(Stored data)
· · · · ·

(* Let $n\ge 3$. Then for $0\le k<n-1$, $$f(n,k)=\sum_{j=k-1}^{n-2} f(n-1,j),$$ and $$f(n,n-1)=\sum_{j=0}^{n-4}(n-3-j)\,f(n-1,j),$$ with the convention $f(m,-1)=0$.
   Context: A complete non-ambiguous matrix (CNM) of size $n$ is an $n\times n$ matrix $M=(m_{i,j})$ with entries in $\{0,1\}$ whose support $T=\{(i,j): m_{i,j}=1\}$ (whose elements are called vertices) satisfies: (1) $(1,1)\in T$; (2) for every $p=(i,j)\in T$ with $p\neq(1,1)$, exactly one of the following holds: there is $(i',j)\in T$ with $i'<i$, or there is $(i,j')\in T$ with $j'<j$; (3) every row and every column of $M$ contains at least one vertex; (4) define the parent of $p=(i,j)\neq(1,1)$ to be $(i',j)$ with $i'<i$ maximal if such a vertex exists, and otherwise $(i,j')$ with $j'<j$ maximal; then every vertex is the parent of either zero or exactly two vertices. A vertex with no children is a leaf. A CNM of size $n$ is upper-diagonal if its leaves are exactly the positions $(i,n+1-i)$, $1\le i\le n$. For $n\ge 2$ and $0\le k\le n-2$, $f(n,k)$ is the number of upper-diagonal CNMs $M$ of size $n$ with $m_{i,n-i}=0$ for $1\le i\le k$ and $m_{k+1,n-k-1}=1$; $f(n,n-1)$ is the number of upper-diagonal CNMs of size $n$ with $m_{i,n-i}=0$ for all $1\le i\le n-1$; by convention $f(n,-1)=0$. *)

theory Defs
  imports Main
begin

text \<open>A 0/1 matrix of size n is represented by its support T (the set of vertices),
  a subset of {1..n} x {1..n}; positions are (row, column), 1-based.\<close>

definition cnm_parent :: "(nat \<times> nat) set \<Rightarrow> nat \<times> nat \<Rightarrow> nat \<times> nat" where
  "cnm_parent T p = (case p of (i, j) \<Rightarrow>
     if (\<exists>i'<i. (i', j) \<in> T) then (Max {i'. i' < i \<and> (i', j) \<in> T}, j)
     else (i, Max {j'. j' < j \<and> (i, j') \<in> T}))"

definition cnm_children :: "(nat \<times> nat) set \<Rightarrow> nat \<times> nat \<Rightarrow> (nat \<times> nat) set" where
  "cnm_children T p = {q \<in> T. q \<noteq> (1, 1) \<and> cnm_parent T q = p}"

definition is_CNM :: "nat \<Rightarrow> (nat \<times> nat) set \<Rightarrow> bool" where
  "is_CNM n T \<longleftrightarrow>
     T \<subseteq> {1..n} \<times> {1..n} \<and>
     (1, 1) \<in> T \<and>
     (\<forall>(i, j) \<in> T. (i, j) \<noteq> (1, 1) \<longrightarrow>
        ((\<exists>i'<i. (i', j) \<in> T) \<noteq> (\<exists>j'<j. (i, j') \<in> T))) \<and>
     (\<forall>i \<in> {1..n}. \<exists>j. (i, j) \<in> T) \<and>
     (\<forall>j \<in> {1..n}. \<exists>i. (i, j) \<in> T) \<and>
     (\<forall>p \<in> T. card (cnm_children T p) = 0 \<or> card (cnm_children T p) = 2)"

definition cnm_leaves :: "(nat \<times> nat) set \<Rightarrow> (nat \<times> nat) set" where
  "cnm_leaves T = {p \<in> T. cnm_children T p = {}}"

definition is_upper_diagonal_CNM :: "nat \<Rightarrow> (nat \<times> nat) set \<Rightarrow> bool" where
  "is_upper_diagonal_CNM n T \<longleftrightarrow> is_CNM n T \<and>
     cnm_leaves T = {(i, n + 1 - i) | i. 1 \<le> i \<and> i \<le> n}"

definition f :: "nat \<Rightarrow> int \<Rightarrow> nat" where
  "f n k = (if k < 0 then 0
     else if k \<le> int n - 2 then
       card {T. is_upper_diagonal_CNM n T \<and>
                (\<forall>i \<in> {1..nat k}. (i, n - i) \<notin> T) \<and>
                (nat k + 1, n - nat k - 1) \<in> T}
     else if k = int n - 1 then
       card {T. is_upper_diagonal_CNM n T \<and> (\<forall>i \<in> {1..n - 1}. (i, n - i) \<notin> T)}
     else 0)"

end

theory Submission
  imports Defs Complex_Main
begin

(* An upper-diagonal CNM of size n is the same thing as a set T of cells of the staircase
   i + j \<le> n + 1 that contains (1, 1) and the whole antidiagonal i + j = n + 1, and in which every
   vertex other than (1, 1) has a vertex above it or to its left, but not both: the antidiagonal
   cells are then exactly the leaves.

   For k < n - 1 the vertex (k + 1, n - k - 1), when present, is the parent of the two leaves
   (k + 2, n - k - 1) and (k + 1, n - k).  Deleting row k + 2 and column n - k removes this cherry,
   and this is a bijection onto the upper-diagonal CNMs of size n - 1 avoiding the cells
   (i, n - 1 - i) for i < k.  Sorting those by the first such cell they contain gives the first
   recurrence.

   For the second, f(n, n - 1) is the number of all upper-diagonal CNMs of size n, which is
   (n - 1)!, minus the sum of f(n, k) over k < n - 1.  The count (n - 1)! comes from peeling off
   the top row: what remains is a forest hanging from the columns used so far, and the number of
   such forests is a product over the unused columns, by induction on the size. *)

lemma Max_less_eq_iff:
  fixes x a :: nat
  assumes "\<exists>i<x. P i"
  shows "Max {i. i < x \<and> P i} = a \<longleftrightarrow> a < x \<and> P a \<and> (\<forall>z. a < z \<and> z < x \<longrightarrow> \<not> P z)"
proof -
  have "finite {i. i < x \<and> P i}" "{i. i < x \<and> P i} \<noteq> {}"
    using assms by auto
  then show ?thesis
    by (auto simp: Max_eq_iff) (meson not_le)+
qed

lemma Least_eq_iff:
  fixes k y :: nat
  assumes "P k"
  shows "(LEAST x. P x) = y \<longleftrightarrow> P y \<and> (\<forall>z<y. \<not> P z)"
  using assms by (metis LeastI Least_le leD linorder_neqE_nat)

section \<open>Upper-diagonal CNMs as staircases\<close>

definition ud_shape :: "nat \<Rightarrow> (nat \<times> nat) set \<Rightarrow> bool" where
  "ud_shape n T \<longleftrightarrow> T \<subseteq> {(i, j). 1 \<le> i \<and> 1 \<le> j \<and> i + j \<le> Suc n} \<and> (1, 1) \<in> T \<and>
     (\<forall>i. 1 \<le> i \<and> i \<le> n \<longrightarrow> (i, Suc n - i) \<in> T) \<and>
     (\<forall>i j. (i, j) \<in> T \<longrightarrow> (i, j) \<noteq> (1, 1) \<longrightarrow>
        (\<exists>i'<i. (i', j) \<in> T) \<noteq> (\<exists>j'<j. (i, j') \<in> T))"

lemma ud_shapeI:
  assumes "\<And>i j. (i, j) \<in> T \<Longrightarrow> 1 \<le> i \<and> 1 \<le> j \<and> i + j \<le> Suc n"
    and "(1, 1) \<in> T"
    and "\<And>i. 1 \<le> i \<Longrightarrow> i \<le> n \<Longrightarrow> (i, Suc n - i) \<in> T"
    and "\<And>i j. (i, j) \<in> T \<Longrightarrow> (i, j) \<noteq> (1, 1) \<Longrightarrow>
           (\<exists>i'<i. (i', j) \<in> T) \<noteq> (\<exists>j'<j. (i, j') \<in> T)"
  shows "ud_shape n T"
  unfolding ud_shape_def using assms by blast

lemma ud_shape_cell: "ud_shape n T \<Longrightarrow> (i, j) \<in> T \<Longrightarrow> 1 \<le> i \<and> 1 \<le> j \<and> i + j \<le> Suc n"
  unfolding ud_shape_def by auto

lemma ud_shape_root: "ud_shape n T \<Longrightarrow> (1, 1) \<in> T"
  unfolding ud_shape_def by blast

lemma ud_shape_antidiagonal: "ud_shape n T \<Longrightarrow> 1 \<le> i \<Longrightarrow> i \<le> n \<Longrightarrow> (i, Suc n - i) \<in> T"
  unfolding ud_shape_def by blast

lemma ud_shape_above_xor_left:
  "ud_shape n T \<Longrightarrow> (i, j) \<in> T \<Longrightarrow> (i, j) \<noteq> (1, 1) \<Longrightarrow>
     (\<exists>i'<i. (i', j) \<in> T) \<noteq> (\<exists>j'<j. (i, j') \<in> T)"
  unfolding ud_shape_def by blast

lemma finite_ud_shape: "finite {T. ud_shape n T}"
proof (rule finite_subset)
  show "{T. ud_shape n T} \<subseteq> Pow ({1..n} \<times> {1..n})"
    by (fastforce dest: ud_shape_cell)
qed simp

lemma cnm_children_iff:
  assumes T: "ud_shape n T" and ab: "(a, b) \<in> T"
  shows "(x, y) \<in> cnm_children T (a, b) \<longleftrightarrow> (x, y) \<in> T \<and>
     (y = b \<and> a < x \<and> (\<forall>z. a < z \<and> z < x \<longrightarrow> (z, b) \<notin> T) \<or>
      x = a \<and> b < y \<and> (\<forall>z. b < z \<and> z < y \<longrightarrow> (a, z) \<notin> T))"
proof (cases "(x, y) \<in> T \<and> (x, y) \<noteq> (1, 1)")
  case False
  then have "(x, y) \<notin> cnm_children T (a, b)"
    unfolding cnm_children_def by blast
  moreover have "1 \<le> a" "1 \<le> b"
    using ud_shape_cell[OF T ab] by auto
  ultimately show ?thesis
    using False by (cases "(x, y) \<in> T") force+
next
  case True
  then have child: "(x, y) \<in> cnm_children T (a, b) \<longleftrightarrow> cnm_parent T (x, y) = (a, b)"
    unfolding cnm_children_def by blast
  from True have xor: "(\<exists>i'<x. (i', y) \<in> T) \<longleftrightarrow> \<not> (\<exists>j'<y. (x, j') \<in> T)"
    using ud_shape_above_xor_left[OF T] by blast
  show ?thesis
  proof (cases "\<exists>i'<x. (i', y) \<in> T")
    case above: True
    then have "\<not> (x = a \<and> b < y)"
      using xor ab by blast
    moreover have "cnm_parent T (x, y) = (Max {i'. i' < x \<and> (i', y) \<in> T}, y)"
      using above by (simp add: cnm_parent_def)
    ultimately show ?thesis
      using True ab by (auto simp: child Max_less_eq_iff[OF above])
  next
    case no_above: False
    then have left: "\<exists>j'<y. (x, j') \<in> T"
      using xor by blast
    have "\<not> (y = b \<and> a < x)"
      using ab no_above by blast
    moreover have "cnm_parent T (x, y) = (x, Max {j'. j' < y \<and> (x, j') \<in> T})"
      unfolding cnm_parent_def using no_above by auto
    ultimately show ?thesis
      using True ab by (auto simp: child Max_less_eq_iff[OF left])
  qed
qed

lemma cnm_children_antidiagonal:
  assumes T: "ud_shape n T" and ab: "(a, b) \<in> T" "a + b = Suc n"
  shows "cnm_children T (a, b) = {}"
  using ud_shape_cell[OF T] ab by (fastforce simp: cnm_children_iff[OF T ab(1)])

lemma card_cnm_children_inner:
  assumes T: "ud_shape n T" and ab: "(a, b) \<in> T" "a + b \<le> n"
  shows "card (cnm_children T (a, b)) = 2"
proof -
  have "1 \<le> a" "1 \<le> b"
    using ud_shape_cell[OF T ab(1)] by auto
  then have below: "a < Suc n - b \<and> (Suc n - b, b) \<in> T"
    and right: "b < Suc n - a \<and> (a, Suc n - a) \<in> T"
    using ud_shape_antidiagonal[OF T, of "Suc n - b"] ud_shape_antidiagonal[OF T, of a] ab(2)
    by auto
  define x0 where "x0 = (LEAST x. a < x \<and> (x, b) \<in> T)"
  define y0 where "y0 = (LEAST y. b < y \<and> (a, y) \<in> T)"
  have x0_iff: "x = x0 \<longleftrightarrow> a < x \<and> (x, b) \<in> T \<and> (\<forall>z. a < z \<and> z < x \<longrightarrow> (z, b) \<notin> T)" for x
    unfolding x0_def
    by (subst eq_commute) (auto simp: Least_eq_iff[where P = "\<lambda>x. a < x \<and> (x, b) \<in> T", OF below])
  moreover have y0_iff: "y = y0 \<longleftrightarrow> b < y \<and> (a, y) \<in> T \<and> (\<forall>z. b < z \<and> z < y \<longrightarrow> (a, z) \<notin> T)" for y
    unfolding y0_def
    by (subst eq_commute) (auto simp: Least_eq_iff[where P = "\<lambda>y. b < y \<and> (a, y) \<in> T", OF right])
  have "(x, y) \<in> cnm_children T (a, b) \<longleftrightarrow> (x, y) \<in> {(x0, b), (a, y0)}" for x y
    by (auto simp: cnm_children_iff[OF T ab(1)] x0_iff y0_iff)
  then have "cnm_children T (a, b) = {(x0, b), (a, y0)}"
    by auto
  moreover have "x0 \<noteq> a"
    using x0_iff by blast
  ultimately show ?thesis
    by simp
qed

· · · · ·

_Your assignment_:
Going back to the entries above, set down exactly the lines that begin at the one with "unfolding ud_shape_def by auto" and end at the one with "y) \<notin> cnm_children", both included, and nothing else.

_Result of the task_:
  unfolding ud_shape_def by auto

lemma ud_shape_root: "ud_shape n T \<Longrightarrow> (1, 1) \<in> T"
  unfolding ud_shape_def by blast

lemma ud_shape_antidiagonal: "ud_shape n T \<Longrightarrow> 1 \<le> i \<Longrightarrow> i \<le> n \<Longrightarrow> (i, Suc n - i) \<in> T"
  unfolding ud_shape_def by blast

lemma ud_shape_above_xor_left:
  "ud_shape n T \<Longrightarrow> (i, j) \<in> T \<Longrightarrow> (i, j) \<noteq> (1, 1) \<Longrightarrow>
     (\<exists>i'<i. (i', j) \<in> T) \<noteq> (\<exists>j'<j. (i, j') \<in> T)"
  unfolding ud_shape_def by blast

lemma finite_ud_shape: "finite {T. ud_shape n T}"
proof (rule finite_subset)
  show "{T. ud_shape n T} \<subseteq> Pow ({1..n} \<times> {1..n})"
    by (fastforce dest: ud_shape_cell)
qed simp

lemma cnm_children_iff:
  assumes T: "ud_shape n T" and ab: "(a, b) \<in> T"
  shows "(x, y) \<in> cnm_children T (a, b) \<longleftrightarrow> (x, y) \<in> T \<and>
     (y = b \<and> a < x \<and> (\<forall>z. a < z \<and> z < x \<longrightarrow> (z, b) \<notin> T) \<or>
      x = a \<and> b < y \<and> (\<forall>z. b < z \<and> z < y \<longrightarrow> (a, z) \<notin> T))"
proof (cases "(x, y) \<in> T \<and> (x, y) \<noteq> (1, 1)")
  case False
  then have "(x, y) \<notin> cnm_children T (a, b)"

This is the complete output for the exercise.